Aunque suene a cliché, la música transporta a las personas mentalmente, ya sea a un lugar o tiempo determinados o a la divagación de ideas, sentimientos y sensaciones. Por eso, cuando se habla de gustos o de conexión con una banda o género, cada ser humano vive de manera distinta a ese artista en particular en un instante específico de su existencia. A veces, quizás la mayoría de las ocasiones, no nos fijamos en la calidad de la pieza que escuchamos, sino en ese significado subjetivo que le hemos entregado… nos entregamos por completo al sonido y a ese sustrato fundamental que lo hace arte: el bombardeo de estímulos y la evocación de emociones.

Algo así me pasó con el regreso homónimo de Slowdive.
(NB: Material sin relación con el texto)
(* Let $(\mathcal L_{0\,\mathcal N_0},\mathcal L_{1\,\mathcal N_1},t,\rho)$ be a crossed module of Nijenhuis Lie conformal algebras, where $\mathcal L_{0\,\mathcal N_0}=(\mathcal L_0,[\cdot_\lambda\cdot]_{\mathcal L_0},\mathcal N_0)$ and $\mathcal L_{1\,\mathcal N_1}=(\mathcal L_1,[\cdot_\lambda\cdot]_{\mathcal L_1},\mathcal N_1)$. Equip the $\mathbb C[\partial]$-module $\mathcal L_0\oplus\mathcal L_1$ with the $\lambda$-bracket $$[(p,m)_\lambda(q,n)]:=\big([p_\lambda q]_{\mathcal L_0},\ \rho(p)_\lambda n-\rho(q)_{-\partial-\lambda}m+[m_\lambda n]_{\mathcal L_1}\big),\qquad (p,m),(q,n)\in\mathcal L_0\oplus\mathcal L_1 .$$ Then $(\mathcal L_0\oplus\mathcal L_1,[\cdot_\lambda\cdot],\mathcal N_0\oplus\mathcal N_1)$ is a Nijenhuis Lie conformal algebra.
   Context: All spaces are over $\mathbb C$. A Lie conformal algebra is a $\mathbb C[\partial]$-module with a $\mathbb C$-bilinear $\lambda$-bracket $[\cdot_\lambda\cdot]$ into $\mathcal L[\lambda]$ satisfying $[\partial a_\lambda b]=-\lambda[a_\lambda b]$, $[a_\lambda\partial b]=(\partial+\lambda)[a_\lambda b]$, $[a_\lambda b]=-[b_{-\partial-\lambda}a]$, $[a_\lambda[b_\mu c]]=[[a_\lambda b]_{\lambda+\mu}c]+[b_\mu[a_\lambda c]]$. A Nijenhuis operator on it is a $\mathbb C[\partial]$-linear $\mathcal N$ with $[\mathcal N(p)_\lambda\mathcal N(q)]=\mathcal N([\mathcal N(p)_\lambda q]+[p_\lambda\mathcal N(q)]-\mathcal N([p_\lambda q]))$; a Nijenhuis Lie conformal algebra is a Lie conformal algebra with a Nijenhuis operator; a morphism of such is a $\mathbb C[\partial]$-linear bracket-preserving map intertwining the Nijenhuis operators. A conformal representation of a Lie conformal algebra $\mathcal L$ on a $\mathbb C[\partial]$-module $\mathcal M$ is a $\mathbb C$-linear $\rho:\mathcal L\otimes\mathcal M\to\mathcal M[\lambda]$, $(p,m)\mapsto\rho(p)_\lambda m$, with $\rho(\partial p)_\lambda m=-\lambda\rho(p)_\lambda m$, $\rho(p)_\lambda\partial m=(\partial+\lambda)\rho(p)_\lambda m$, and $\rho(p)_\lambda(\rho(q)_\mu m)-\rho(q)_\mu(\rho(p)_\lambda m)=\rho([p_\lambda q])_{\lambda+\mu}m$. A representation of a Nijenhuis Lie conformal algebra $(\mathcal L,[\cdot_\lambda\cdot],\mathcal N)$ is a triple $(\mathcal M,\rho,\mathcal N_{\mathcal M})$ with $\rho$ a conformal representation and $\mathcal N_{\mathcal M}$ a $\mathbb C[\partial]$-linear map with $\rho(\mathcal N(p))_\lambda\mathcal N_{\mathcal M}(m)=\mathcal N_{\mathcal M}\big(\rho(\mathcal N(p))_\lambda m+\rho(p)_\lambda\mathcal N_{\mathcal M}(m)-\mathcal N_{\mathcal M}(\rho(p)_\lambda m)\big)$. A crossed module of Nijenhuis Lie conformal algebras is a quadruple $(\mathcal L_{0\,\mathcal N_0},\mathcal L_{1\,\mathcal N_1},t,\rho)$ where $\mathcal L_{0\,\mathcal N_0},\mathcal L_{1\,\mathcal N_1}$ are Nijenhuis Lie conformal algebras, $t:\mathcal L_1\to\mathcal L_0$ is a morphism of Nijenhuis Lie conformal algebras, and $\rho:\mathcal L_0\otimes\mathcal L_1\to\mathcal L_1[\lambda]$ is conformal sesquilinear and makes $(\mathcal L_1,\rho,\mathcal N_1)$ a representation of $\mathcal L_{0\,\mathcal N_0}$, such that $t(\rho(p)_\lambda m)=[p_\lambda t(m)]_{\mathcal L_0}$ and $\rho(t(m))_\lambda n=[m_\lambda n]_{\mathcal L_1}$ for all $p\in\mathcal L_0$, $m,n\in\mathcal L_1$. *)

theory Defs
  imports Complex_Main "HOL-Computational_Algebra.Polynomial" "HOL-Library.Product_Plus"
begin

text \<open>
  A C[d]-module is a type 'a :: ab_group_add with a complex scalar
  multiplication s (a module in the sense of the locale module) and a C-linear
  operator D (the action of d). An element of L[lambda] is an 'a poly whose k-th
  coefficient is the coefficient of lambda^k.
\<close>

definition cdmodule :: "(complex \<Rightarrow> 'a::ab_group_add \<Rightarrow> 'a) \<Rightarrow> ('a \<Rightarrow> 'a) \<Rightarrow> bool" where
  "cdmodule s D \<longleftrightarrow> module s \<and> module_hom s s D"

definition cdlinear ::
  "(complex \<Rightarrow> 'a::ab_group_add \<Rightarrow> 'a) \<Rightarrow> ('a \<Rightarrow> 'a) \<Rightarrow>
   (complex \<Rightarrow> 'b::ab_group_add \<Rightarrow> 'b) \<Rightarrow> ('b \<Rightarrow> 'b) \<Rightarrow> ('a \<Rightarrow> 'b) \<Rightarrow> bool" where
  "cdlinear s D s' D' f \<longleftrightarrow> module_hom s s' f \<and> (\<forall>x. f (D x) = D' (f x))"

definition lam_mul :: "'a::zero poly \<Rightarrow> 'a poly" where
  "lam_mul p = pCons 0 p"

definition Dpoly :: "('a::zero \<Rightarrow> 'a) \<Rightarrow> 'a poly \<Rightarrow> 'a poly" where
  "Dpoly D p = map_poly D p"

definition spoly :: "(complex \<Rightarrow> 'a::zero \<Rightarrow> 'a) \<Rightarrow> complex \<Rightarrow> 'a poly \<Rightarrow> 'a poly" where
  "spoly s c p = map_poly (s c) p"

definition peval :: "(complex \<Rightarrow> 'a::comm_monoid_add \<Rightarrow> 'a) \<Rightarrow> 'a poly \<Rightarrow> complex \<Rightarrow> 'a" where
  "peval s p z = (\<Sum>k\<le>degree p. s (z ^ k) (coeff p k))"

text \<open>Substitution lambda := -d-lambda: for p = sum_k lambda^k c_k,
  neg_subst D p = sum_k (-d-lambda)^k c_k (d acting on the coefficients).\<close>
definition neg_shift :: "('a::ab_group_add \<Rightarrow> 'a) \<Rightarrow> 'a poly \<Rightarrow> 'a poly" where
  "neg_shift D q = - Dpoly D q - lam_mul q"

definition neg_subst :: "('a::ab_group_add \<Rightarrow> 'a) \<Rightarrow> 'a poly \<Rightarrow> 'a poly" where
  "neg_subst D p = (\<Sum>k\<le>degree p. (neg_shift D ^^ k) [:coeff p k:])"

definition bilinear_lam ::
  "(complex \<Rightarrow> 'a::ab_group_add \<Rightarrow> 'a) \<Rightarrow> (complex \<Rightarrow> 'b::ab_group_add \<Rightarrow> 'b) \<Rightarrow>
   (complex \<Rightarrow> 'c::ab_group_add \<Rightarrow> 'c) \<Rightarrow> ('a \<Rightarrow> 'b \<Rightarrow> 'c poly) \<Rightarrow> bool" where
  "bilinear_lam sa sb sc f \<longleftrightarrow>
     (\<forall>x y z. f (x + y) z = f x z + f y z) \<and>
     (\<forall>c x z. f (sa c x) z = spoly sc c (f x z)) \<and>
     (\<forall>x y z. f x (y + z) = f x y + f x z) \<and>
     (\<forall>c x z. f x (sb c z) = spoly sc c (f x z))"

definition sesquilinear ::
  "('a \<Rightarrow> 'a) \<Rightarrow> ('b::ab_group_add \<Rightarrow> 'b) \<Rightarrow> ('a \<Rightarrow> 'b \<Rightarrow> 'b poly) \<Rightarrow> bool" where
  "sesquilinear DA DB f \<longleftrightarrow>
     (\<forall>a b. f (DA a) b = - lam_mul (f a b)) \<and>
     (\<forall>a b. f a (DB b) = Dpoly DB (f a b) + lam_mul (f a b))"

text \<open>Lie conformal algebra. The Jacobi identity is an identity in L[lambda,mu];
  it is stated by evaluating lambda, mu at all complex numbers.\<close>
definition LCA :: "(complex \<Rightarrow> 'a::ab_group_add \<Rightarrow> 'a) \<Rightarrow> ('a \<Rightarrow> 'a) \<Rightarrow> ('a \<Rightarrow> 'a \<Rightarrow> 'a poly) \<Rightarrow> bool" where
  "LCA s D br \<longleftrightarrow>
     cdmodule s D \<and> bilinear_lam s s s br \<and> sesquilinear D D br \<and>
     (\<forall>a b. br a b = - neg_subst D (br b a)) \<and>
     (\<forall>a b c l m.
        peval s (br a (peval s (br b c) m)) l =
        peval s (br (peval s (br a b) l) c) (l + m) + peval s (br b (peval s (br a c) l)) m)"

definition nijenhuis :: "('a::ab_group_add \<Rightarrow> 'a \<Rightarrow> 'a poly) \<Rightarrow> ('a \<Rightarrow> 'a) \<Rightarrow> bool" where
  "nijenhuis br N \<longleftrightarrow>
     (\<forall>p q. br (N p) (N q) = map_poly N (br (N p) q + br p (N q) - map_poly N (br p q)))"

definition NLCA ::
  "(complex \<Rightarrow> 'a::ab_group_add \<Rightarrow> 'a) \<Rightarrow> ('a \<Rightarrow> 'a) \<Rightarrow> ('a \<Rightarrow> 'a \<Rightarrow> 'a poly) \<Rightarrow> ('a \<Rightarrow> 'a) \<Rightarrow> bool" where
  "NLCA s D br N \<longleftrightarrow> LCA s D br \<and> cdlinear s D s D N \<and> nijenhuis br N"

definition NLCA_morphism ::
  "(complex \<Rightarrow> 'a::ab_group_add \<Rightarrow> 'a) \<Rightarrow> ('a \<Rightarrow> 'a) \<Rightarrow> ('a \<Rightarrow> 'a \<Rightarrow> 'a poly) \<Rightarrow> ('a \<Rightarrow> 'a) \<Rightarrow>
   (complex \<Rightarrow> 'b::ab_group_add \<Rightarrow> 'b) \<Rightarrow> ('b \<Rightarrow> 'b) \<Rightarrow> ('b \<Rightarrow> 'b \<Rightarrow> 'b poly) \<Rightarrow> ('b \<Rightarrow> 'b) \<Rightarrow>
   ('a \<Rightarrow> 'b) \<Rightarrow> bool" where
  "NLCA_morphism s D br N s' D' br' N' f \<longleftrightarrow>
     cdlinear s D s' D' f \<and>
     (\<forall>a b. map_poly f (br a b) = br' (f a) (f b)) \<and>
     (\<forall>a. f (N a) = N' (f a))"

definition conf_rep ::
  "(complex \<Rightarrow> 'a::ab_group_add \<Rightarrow> 'a) \<Rightarrow> ('a \<Rightarrow> 'a) \<Rightarrow> ('a \<Rightarrow> 'a \<Rightarrow> 'a poly) \<Rightarrow>
   (complex \<Rightarrow> 'm::ab_group_add \<Rightarrow> 'm) \<Rightarrow> ('m \<Rightarrow> 'm) \<Rightarrow> ('a \<Rightarrow> 'm \<Rightarrow> 'm poly) \<Rightarrow> bool" where
  "conf_rep s D br sM DM rho \<longleftrightarrow>
     cdmodule sM DM \<and> bilinear_lam s sM sM rho \<and> sesquilinear D DM rho \<and>
     (\<forall>p q m l mu.
        peval sM (rho p (peval sM (rho q m) mu)) l - peval sM (rho q (peval sM (rho p m) l)) mu =
        peval sM (rho (peval s (br p q) l) m) (l + mu))"

definition NLCA_rep ::
  "(complex \<Rightarrow> 'a::ab_group_add \<Rightarrow> 'a) \<Rightarrow> ('a \<Rightarrow> 'a) \<Rightarrow> ('a \<Rightarrow> 'a \<Rightarrow> 'a poly) \<Rightarrow> ('a \<Rightarrow> 'a) \<Rightarrow>
   (complex \<Rightarrow> 'm::ab_group_add \<Rightarrow> 'm) \<Rightarrow> ('m \<Rightarrow> 'm) \<Rightarrow> ('a \<Rightarrow> 'm \<Rightarrow> 'm poly) \<Rightarrow> ('m \<Rightarrow> 'm) \<Rightarrow> bool" where
  "NLCA_rep s D br N sM DM rho NM \<longleftrightarrow>
     conf_rep s D br sM DM rho \<and> cdlinear sM DM sM DM NM \<and>
     (\<forall>p m. rho (N p) (NM m) =
        map_poly NM (rho (N p) m + rho p (NM m) - map_poly NM (rho p m)))"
Tocó una fibra sensible en el corazón, llegando al borde la contemplación. Si, está bien, generalmente en estos reviews paso a analizar el proceso creativo, producción y ejecución del disco, pero, en este caso; vale la pena detenerse en aspectos más subjetivos, aunque lo haré más adelante.

Desde lo estrictamente musical, nos encontramos con un disco sin demasiados elementos innovadores, se nota que el álbum es un rescate al sonido fundamental que los caracterizó en los 90. El disco nos recibe con la atrapante guitarra de Slomo, que además trae consigo esa marca registrada voces lejanas que dan la apariencia de susurros. La guitarra es un constante, pues el track que sigue (que también fue single del disco), tiene a las 6 cuerdas como protagonista. Star Roving es una descarga más enérgica de armoniosa distorsión, manteniendo siempre, por supuesto, el característico sonido ambiental.

Sugar for the Pill, con ciertos tintes más pop, incorpora más melodía a las guitarras, que juegan constantemente. Everyone Knows, el track que le sucede, sabe a nostalgia; pues evoca poderosamente el sonido noventero de la banda en esencia y ejecución. Mientras que Falling Ashes, la pieza que cierra el disco, estremece con los geniales juegos vocales y un piano entronca el juego de sintetizadores y guitarras. Slowdive, después de 22 años, nos trae de regreso a la médula de su sonido, al recoveco más profundo donde guardan una metodología que no cambia. Este no es un disco innovador, no es un trabajo resplandeciente… quizás jamás sea considerado una obra maestra, pero es un disco sólido y bien escrito que es una suerte de retrospectiva de una banda experimentada que sabe hacer las cosas bien.

Ahora, yendo más allá de la música en si, hay dos palabras para definir el halo que emana Slowdive (2017): intimismo y atmósfera. Si bien, ambos epítetos son propios de un género como el shoegaze, los ingleses llevan estos conceptos a una ejecución fenomenal. La banda presenta una postura abierta, sincera y cercana, con canciones cargadas de melancolía y honestidad tierna y desgarradora. Si a ese manifiesto le sumamos el atmosférico sonido de su música, obtenemos un disco introspectivo pero liviano, una dulce caricia de lluvia en estos días nublados.

Por esto, puedo llegar a pensar que si alguien me pidiera un disco para comenzar a escuchar Slowdive, recomendaría este álbum. Por supuesto que Pygmalion (1995) y esa joya alternativa llamada Souvlaki (1993) son discos maravillosos, pero creo que un iniciado agradecería partir su camino con este grupo por este trabajo, en el que están más viejos, más vividos… donde tienen mucho más que expresar y más cosas que decir. Los años han dado a Slowdive la sabiduría de transportar a los oyentes a un lugar más allá de la melancolía.